- Also known as: Until Death Overtakes Me
- Origin: Belgium
- Genres: Drone music; funeral doom metal; ambient; experimental; minimalism;
- Label: Nulll
- Website: svc.nulll-void.com

= Stijn Van Cauter =

Belgian metal musician

Stijn Van Cauter (/nl/) (Note: Stijn and Van in isolation: /nl/ and /nl/.) is a Belgian doom metal and ambient music musician.

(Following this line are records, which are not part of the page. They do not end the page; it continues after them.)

(* Let $c$ be a non-constant clause on the variables $x_1,\dots,x_n$, and let $a\in[-1,1]^n$. If $\mathrm{FE}_c(a)=-1$, then $a$ is a feasible solution of $\mathrm{FE}_c$.
   Context: Boolean values are encoded as $\pm1$, with $-1$ standing for True. A clause is a CNF, cardinality, XOR or NAE constraint, regarded as a function $\{\pm1\}^n\to\{\pm1\}$ with value $-1$ exactly when it is satisfied. A clause is non-constant if it is equivalent neither to True nor to False. $\mathrm{FE}_c$ is the Fourier expansion of $c$, i.e. the unique multilinear polynomial agreeing with $c$ on $\{\pm1\}^n$. For a multilinear polynomial $F$ on $[-1,1]^n$, a set $J\subseteq[n]$ and a vector $z$, $F_{J\gets z}$ denotes the polynomial obtained by fixing the coordinates in $J$ to the values $z$. Feasibility: for $a\in[-1,1]^n$, let $I=\{i: a_i\in\{\pm1\}\}$ and let $a_I$ be the restriction of $a$ to the coordinates in $I$. Then $a$ is a feasible solution of $F$ if $F_{I\gets a_I}$ is a constant polynomial. *)

theory Defs
  imports Complex_Main
begin

text \<open>Booleans are encoded as +1/-1, with -1 meaning True. Variables are indexed 0..n-1.
  A literal is a pair (i, neg): variable x_i, negated iff neg.\<close>

type_synonym lit = "nat \<times> bool"

datatype clause =
    CNF "lit list"
  | Card "lit list" nat
  | XOR "lit list"
  | NAE "lit list"

fun lits :: "clause \<Rightarrow> lit list" where
  "lits (CNF ls) = ls"
| "lits (Card ls k) = ls"
| "lits (XOR ls) = ls"
| "lits (NAE ls) = ls"

definition lit_true :: "(nat \<Rightarrow> real) \<Rightarrow> lit \<Rightarrow> bool" where
  "lit_true x l = (if snd l then x (fst l) = 1 else x (fst l) = -1)"

fun satisfied :: "clause \<Rightarrow> (nat \<Rightarrow> real) \<Rightarrow> bool" where
  "satisfied (CNF ls) x = (\<exists>l\<in>set ls. lit_true x l)"
| "satisfied (Card ls k) x = (k \<le> length (filter (lit_true x) ls))"
| "satisfied (XOR ls) x = odd (length (filter (lit_true x) ls))"
| "satisfied (NAE ls) x = ((\<exists>l\<in>set ls. lit_true x l) \<and> (\<exists>l\<in>set ls. \<not> lit_true x l))"

definition clause_val :: "clause \<Rightarrow> (nat \<Rightarrow> real) \<Rightarrow> real" where
  "clause_val c x = (if satisfied c x then -1 else 1)"

definition wf_clause :: "nat \<Rightarrow> clause \<Rightarrow> bool" where
  "wf_clause n c = (distinct (map fst (lits c)) \<and> (\<forall>l\<in>set (lits c). fst l < n))"

definition bool_pt :: "nat set \<Rightarrow> nat \<Rightarrow> real" where
  "bool_pt S i = (if i \<in> S then -1 else 1)"

definition bool_cube :: "nat \<Rightarrow> (nat \<Rightarrow> real) set" where
  "bool_cube n = bool_pt ` Pow {..<n}"

definition nonconstant :: "nat \<Rightarrow> clause \<Rightarrow> bool" where
  "nonconstant n c = (\<exists>x\<in>bool_cube n. \<exists>y\<in>bool_cube n. clause_val c x \<noteq> clause_val c y)"

text \<open>Multilinear polynomials in x_0..x_{n-1}: coefficient function on monomials (sets of variables).\<close>
type_synonym mlpoly = "nat set \<Rightarrow> real"

definition monom :: "nat set \<Rightarrow> (nat \<Rightarrow> real) \<Rightarrow> real" where
  "monom T x = (\<Prod>i\<in>T. x i)"

definition FE :: "nat \<Rightarrow> clause \<Rightarrow> mlpoly" where
  "FE n c T = (if T \<subseteq> {..<n}
      then (\<Sum>S\<in>Pow {..<n}. clause_val c (bool_pt S) * monom T (bool_pt S)) / 2 ^ n
      else 0)"

definition ml_eval :: "nat \<Rightarrow> mlpoly \<Rightarrow> (nat \<Rightarrow> real) \<Rightarrow> real" where
  "ml_eval n p a = (\<Sum>T\<in>Pow {..<n}. p T * monom T a)"

text \<open>F_{J <- z}: fix the variables in J to the values z; result is a multilinear
  polynomial in the remaining variables.\<close>
definition fix_vars :: "nat \<Rightarrow> mlpoly \<Rightarrow> nat set \<Rightarrow> (nat \<Rightarrow> real) \<Rightarrow> mlpoly" where
  "fix_vars n p J z T = (if T \<subseteq> {..<n} - J
      then (\<Sum>S\<in>{S\<in>Pow {..<n}. S - J = T}. p S * monom (S \<inter> J) z)
      else 0)"

definition const_poly :: "mlpoly \<Rightarrow> bool" where
  "const_poly p = (\<forall>T. T \<noteq> {} \<longrightarrow> p T = 0)"

definition feasible :: "nat \<Rightarrow> mlpoly \<Rightarrow> (nat \<Rightarrow> real) \<Rightarrow> bool" where
  "feasible n p a = const_poly (fix_vars n p {i. i < n \<and> (a i = 1 \<or> a i = -1)} a)"

end

theory Submission
  imports Defs
begin

text \<open>Writing \<open>w\<^sub>a(S) = \<Prod>\<^sub>i (1 + x\<^sub>i(S) a\<^sub>i)\<close> for the Boolean point \<open>x(S)\<close>, the value of the
  Fourier expansion of \<open>f\<close> at \<open>a \<in> [-1,1]\<^sup>n\<close> is the average of \<open>f\<close> under the probability
  weights \<open>w\<^sub>a(S) / 2\<^sup>n\<close>, i.e. under the product distribution with means \<open>a\<close>. If this average
  equals the minimum value \<open>-1\<close>, then \<open>f = -1\<close> on the support of the distribution, which is the
  subcube on which the coordinates \<open>i\<close> with \<open>a\<^sub>i = \<plusminus>1\<close> take the value \<open>a\<^sub>i\<close>. Fixing these
  coordinates therefore turns \<open>f\<close> into the constant \<open>-1\<close>, so every non-constant coefficient of
  the restricted polynomial vanishes.\<close>

definition fourier_expansion :: "nat \<Rightarrow> ((nat \<Rightarrow> real) \<Rightarrow> real) \<Rightarrow> mlpoly" where
  "fourier_expansion n f T = (if T \<subseteq> {..<n}
      then (\<Sum>S\<in>Pow {..<n}. f (bool_pt S) * monom T (bool_pt S)) / 2 ^ n
      else 0)"

lemma FE_eq_fourier_expansion: "FE n c = fourier_expansion n (clause_val c)"
  by (simp add: fun_eq_iff FE_def fourier_expansion_def)

definition bias_weight :: "nat set \<Rightarrow> (nat \<Rightarrow> real) \<Rightarrow> nat set \<Rightarrow> real" where
  "bias_weight J z S = (\<Prod>i\<in>J. 1 + bool_pt S i * z i)"

lemma sum_Pow_prod:
  fixes y :: "'a \<Rightarrow> 'b::comm_semiring_1"
  assumes "finite A"
  shows "(\<Sum>U\<in>Pow A. \<Prod>i\<in>U. y i) = (\<Prod>i\<in>A. 1 + y i)"
  using prod_add[OF assms, of y "\<lambda>_. 1"] by (simp add: add.commute)

lemma sum_Pow_prod_bool_pt:
  fixes g :: "nat \<Rightarrow> real \<Rightarrow> 'a::comm_semiring_1"
  assumes "finite A"
  shows "(\<Sum>S\<in>Pow A. \<Prod>i\<in>A. g i (bool_pt S i)) = (\<Prod>i\<in>A. g i (-1) + g i 1)"
proof -
  have "(\<Prod>i\<in>A. g i (bool_pt S i)) = (\<Prod>i\<in>S. g i (-1)) * (\<Prod>i\<in>A - S. g i 1)"
    if "S \<subseteq> A" for S
  proof -
    have "(\<Prod>i\<in>A. g i (bool_pt S i)) = (\<Prod>i\<in>A. if i \<in> S then g i (-1) else g i 1)"
      by (simp add: bool_pt_def if_distrib)
    also have "\<dots> = (\<Prod>i\<in>A \<inter> S. g i (-1)) * (\<Prod>i\<in>A - S. g i 1)"
      using prod.If_cases[OF assms, of "\<lambda>i. i \<in> S"] by (simp add: Diff_eq)
    finally show ?thesis using that by (simp add: Int_absorb1)
  qed
  then show ?thesis
    by (simp add: prod_add[OF assms])
qed

lemma monom_union:
  assumes "finite T" "finite U" "T \<inter> U = {}"
  shows "monom (T \<union> U) x = monom T x * monom U x"
  unfolding monom_def using assms by (rule prod.union_disjoint)

lemma ml_eval_eq_fix_vars: "ml_eval n p a = fix_vars n p {..<n} a {}"
proof -
  have "{S \<in> Pow {..<n}. S - {..<n} = {}} = Pow {..<n}"
    by auto
  then show ?thesis
    unfolding ml_eval_def fix_vars_def by (auto intro: sum.cong simp: Int_absorb2)
qed

lemma fix_vars_eq_sum_Pow:
  assumes "J \<subseteq> {..<n}" "T \<subseteq> {..<n} - J"
  shows "fix_vars n p J z T = (\<Sum>U\<in>Pow J. p (T \<union> U) * monom U z)"
proof -
  have "{S \<in> Pow {..<n}. S - J = T} = (\<lambda>U. T \<union> U) ` Pow J"
  proof (intro equalityI subsetI)
    fix S assume "S \<in> {S \<in> Pow {..<n}. S - J = T}"
    then have "S = T \<union> (S \<inter> J)" by auto
    then show "S \<in> (\<lambda>U. T \<union> U) ` Pow J" by blast
  qed (use assms in auto)
  moreover have "inj_on (\<lambda>U. T \<union> U) (Pow J)"
    using assms(2) by (auto simp: inj_on_def)
  moreover have "(T \<union> U) \<inter> J = U" if "U \<subseteq> J" for U
    using assms(2) that by auto
  ultimately show ?thesis
    using assms(2) by (simp add: fix_vars_def sum.reindex)
qed

lemma fix_vars_fourier_expansion:
  assumes J: "J \<subseteq> {..<n}" and T: "T \<subseteq> {..<n} - J"
  shows "fix_vars n (fourier_expansion n f) J z T
    = (\<Sum>S\<in>Pow {..<n}. f (bool_pt S) * monom T (bool_pt S) * bias_weight J z S) / 2 ^ n"
proof -
  have finite: "finite J" "finite T"
    using J T by (auto intro: finite_subset[of _ "{..<n}"])
  have coeff: "fourier_expansion n f (T \<union> U)
      = (\<Sum>S\<in>Pow {..<n}. f (bool_pt S) * monom T (bool_pt S) * monom U (bool_pt S)) / 2 ^ n"
    if "U \<subseteq> J" for U
  proof -
    have "T \<inter> U = {}" "finite U" "T \<union> U \<subseteq> {..<n}"
      using J T that finite(1) finite_subset by auto
    then show ?thesis
      using finite(2) by (simp add: fourier_expansion_def monom_union mult.assoc)
  qed
  have "fix_vars n (fourier_expansion n f) J z T
      = (\<Sum>U\<in>Pow J. \<Sum>S\<in>Pow {..<n}.
           f (bool_pt S) * monom T (bool_pt S) * (monom U (bool_pt S) * monom U z)) / 2 ^ n"
    using J T by (simp add: fix_vars_eq_sum_Pow coeff sum_divide_distrib sum_distrib_left mult_ac)
  also have "\<dots> = (\<Sum>S\<in>Pow {..<n}. f (bool_pt S) * monom T (bool_pt S)
                     * (\<Sum>U\<in>Pow J. \<Prod>i\<in>U. bool_pt S i * z i)) / 2 ^ n"
    by (subst sum.swap) (simp add: sum_distrib_left monom_def prod.distrib)
  also have "\<dots> = (\<Sum>S\<in>Pow {..<n}. f (bool_pt S) * monom T (bool_pt S) * bias_weight J z S) / 2 ^ n"
    by (simp add: sum_Pow_prod[OF finite(1)] bias_weight_def)
  finally show ?thesis .
qed

lemma sum_monom_bias_weight:
  assumes "finite N" "T \<subseteq> N" "J \<subseteq> N" "T \<inter> J = {}"
  shows "(\<Sum>S\<in>Pow N. monom T (bool_pt S) * bias_weight J z S) = (if T = {} then 2 ^ card N else 0)"
proof -
  define g where "g i s = (if i \<in> T then s else 1) * (if i \<in> J then 1 + s * z i else 1)" for i s
  have "monom T (bool_pt S) * bias_weight J z S = (\<Prod>i\<in>N. g i (bool_pt S i))" for S
    using assms(1-3)
    by (simp add: g_def monom_def bias_weight_def prod.distrib prod.If_cases Int_absorb1)
  then have "(\<Sum>S\<in>Pow N. monom T (bool_pt S) * bias_weight J z S) = (\<Prod>i\<in>N. g i (-1) + g i 1)"
    by (simp add: sum_Pow_prod_bool_pt[OF assms(1)])
  also have "\<dots> = (\<Prod>i\<in>N. if i \<in> T then 0 else 2)"
    using assms(4) by (intro prod.cong) (auto simp: g_def)
  also have "\<dots> = (if T = {} then 2 ^ card N else 0)"
    using assms(1,2) by (auto simp: prod_zero_iff)
  finally show ?thesis .
qed

lemma bias_weight_nonneg:
  assumes "\<forall>i\<in>J. \<bar>z i\<bar> \<le> 1"
  shows "0 \<le> bias_weight J z S"
  unfolding bias_weight_def using assms by (intro prod_nonneg) (auto simp: bool_pt_def)

lemma bias_weight_neq_0:
  assumes "finite J" "\<forall>i\<in>J. \<bar>z i\<bar> \<noteq> 1"
  shows "bias_weight J z S \<noteq> 0"
  unfolding bias_weight_def using assms by (auto simp: bool_pt_def prod_zero_iff split: if_splits)

lemma bias_weight_subset:
  assumes "finite N" "J \<subseteq> N"
  shows "bias_weight N z S = bias_weight J z S * bias_weight (N - J) z S"
  unfolding bias_weight_def using prod.subset_diff[OF assms(2,1)] by (simp add: mult.commute)

lemma weighted_sum_eq_lower_bound_imp:
  fixes f w :: "'a \<Rightarrow> 'b::linordered_idom"
  assumes "finite A" "\<forall>x\<in>A. m \<le> f x" "\<forall>x\<in>A. 0 \<le> w x"
    and "(\<Sum>x\<in>A. f x * w x) = m * (\<Sum>x\<in>A. w x)"
    and "x \<in> A"
  shows "f x * w x = m * w x"
proof -
  have "(\<Sum>x\<in>A. (f x - m) * w x) = 0"
    using assms(4) by (simp add: left_diff_distrib sum_subtractf sum_distrib_left)
  moreover have "\<forall>x\<in>A. 0 \<le> (f x - m) * w x"
    using assms(2,3) by simp
  ultimately have "(f x - m) * w x = 0"
    using assms(1,5) by (simp add: sum_nonneg_eq_0_iff)
  then show ?thesis by (simp add: left_diff_distrib)
qed

lemma fourier_eval_eq_minus_one_on_support:
  assumes f_ge: "\<forall>S\<subseteq>{..<n}. -1 \<le> f (bool_pt S)"
    and a: "\<forall>i<n. \<bar>a i\<bar> \<le> 1"
    and eval: "ml_eval n (fourier_expansion n f) a = -1"
    and J: "J = {i. i < n \<and> (a i = 1 \<or> a i = -1)}"
    and S: "S \<subseteq> {..<n}"
  shows "f (bool_pt S) * bias_weight J a S = - bias_weight J a S"
proof -
  have mean: "(\<Sum>S\<in>Pow {..<n}. f (bool_pt S) * bias_weight {..<n} a S)
      = -1 * (\<Sum>S\<in>Pow {..<n}. bias_weight {..<n} a S)"
    using eval fix_vars_fourier_expansion[of "{..<n}" n "{}" f a]
      sum_monom_bias_weight[of "{..<n}" "{}" "{..<n}" a]
    by (simp add: ml_eval_eq_fix_vars monom_def divide_eq_eq)
  have "f (bool_pt S) * bias_weight {..<n} a S = -1 * bias_weight {..<n} a S"
    by (rule weighted_sum_eq_lower_bound_imp[OF _ _ _ mean])
      (use f_ge a S in \<open>auto intro: bias_weight_nonneg\<close>)
  then have "f (bool_pt S) * bias_weight J a S * bias_weight ({..<n} - J) a S
      = - bias_weight J a S * bias_weight ({..<n} - J) a S"
    using J by (simp add: bias_weight_subset[of "{..<n}" J] subset_eq mult.assoc)
  moreover have "bias_weight ({..<n} - J) a S \<noteq> 0"
    using a J by (intro bias_weight_neq_0) (auto simp: abs_if)
  ultimately show ?thesis
    by (metis minus_mult_left mult_cancel_right)
qed

lemma feasible_fourier_expansion_if_eval_eq_minus_one:
  assumes f_ge: "\<forall>S\<subseteq>{..<n}. -1 \<le> f (bool_pt S)"
    and a: "\<forall>i<n. \<bar>a i\<bar> \<le> 1"
    and eval: "ml_eval n (fourier_expansion n f) a = -1"
  shows "feasible n (fourier_expansion n f) a"
  unfolding feasible_def const_poly_def
proof (intro allI impI)
  define J where "J = {i. i < n \<and> (a i = 1 \<or> a i = -1)}"
  fix T :: "nat set"
  assume "T \<noteq> {}"
  have J: "J \<subseteq> {..<n}"
    by (auto simp: J_def)
  have "fix_vars n (fourier_expansion n f) J a T = 0"
  proof (cases "T \<subseteq> {..<n} - J")
    case False
    then show ?thesis by (simp add: fix_vars_def)
  next
    case True
    have "fix_vars n (fourier_expansion n f) J a T
        = (\<Sum>S\<in>Pow {..<n}. monom T (bool_pt S) * (f (bool_pt S) * bias_weight J a S)) / 2 ^ n"
      using J True by (simp add: fix_vars_fourier_expansion mult_ac)
    also have "\<dots> = - (\<Sum>S\<in>Pow {..<n}. monom T (bool_pt S) * bias_weight J a S) / 2 ^ n"
      using fourier_eval_eq_minus_one_on_support[OF f_ge a eval J_def] by (simp add: sum_negf)
    also have "\<dots> = 0"
      using J True \<open>T \<noteq> {}\<close> by (subst sum_monom_bias_weight) auto
    finally show ?thesis .
  qed
  then show "fix_vars n (fourier_expansion n f) {i. i < n \<and> (a i = 1 \<or> a i = -1)} a T = 0"
    by (simp add: J_def)
qed

theorem lemma4:
  fixes n :: nat and c :: clause and a :: "nat \<Rightarrow> real"
  assumes "wf_clause n c"
    and "nonconstant n c"
    and "\<forall>i<n. -1 \<le> a i \<and> a i \<le> 1"
    and "ml_eval n (FE n c) a = -1"
  shows "feasible n (FE n c) a"
proof -
  have "\<forall>S\<subseteq>{..<n}. -1 \<le> clause_val c (bool_pt S)"
    by (simp add: clause_val_def)
  moreover have "\<forall>i<n. \<bar>a i\<bar> \<le> 1"
    using assms(3) by auto
  ultimately show ?thesis
    using assms(4) feasible_fourier_expansion_if_eval_eq_minus_one
    unfolding FE_eq_fourier_expansion by blast
qed

end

He has several solo projects, including Beyond Black Void, I Dream No More, and Fall of the Grey-Winged One. His most notable solo project is Until Death Overtakes Me.

==Music career==

===1997-2001===
Van Cauter had been experimenting with music production since 1997. In May 1999, he founded the doom metal project Macabre Destiny. He decided to change the name of the project to Until Death Overtakes Me in February 2000. Three new members, "EDS", Jo Renette, and "PT", joined the project that same year, transforming it into a band.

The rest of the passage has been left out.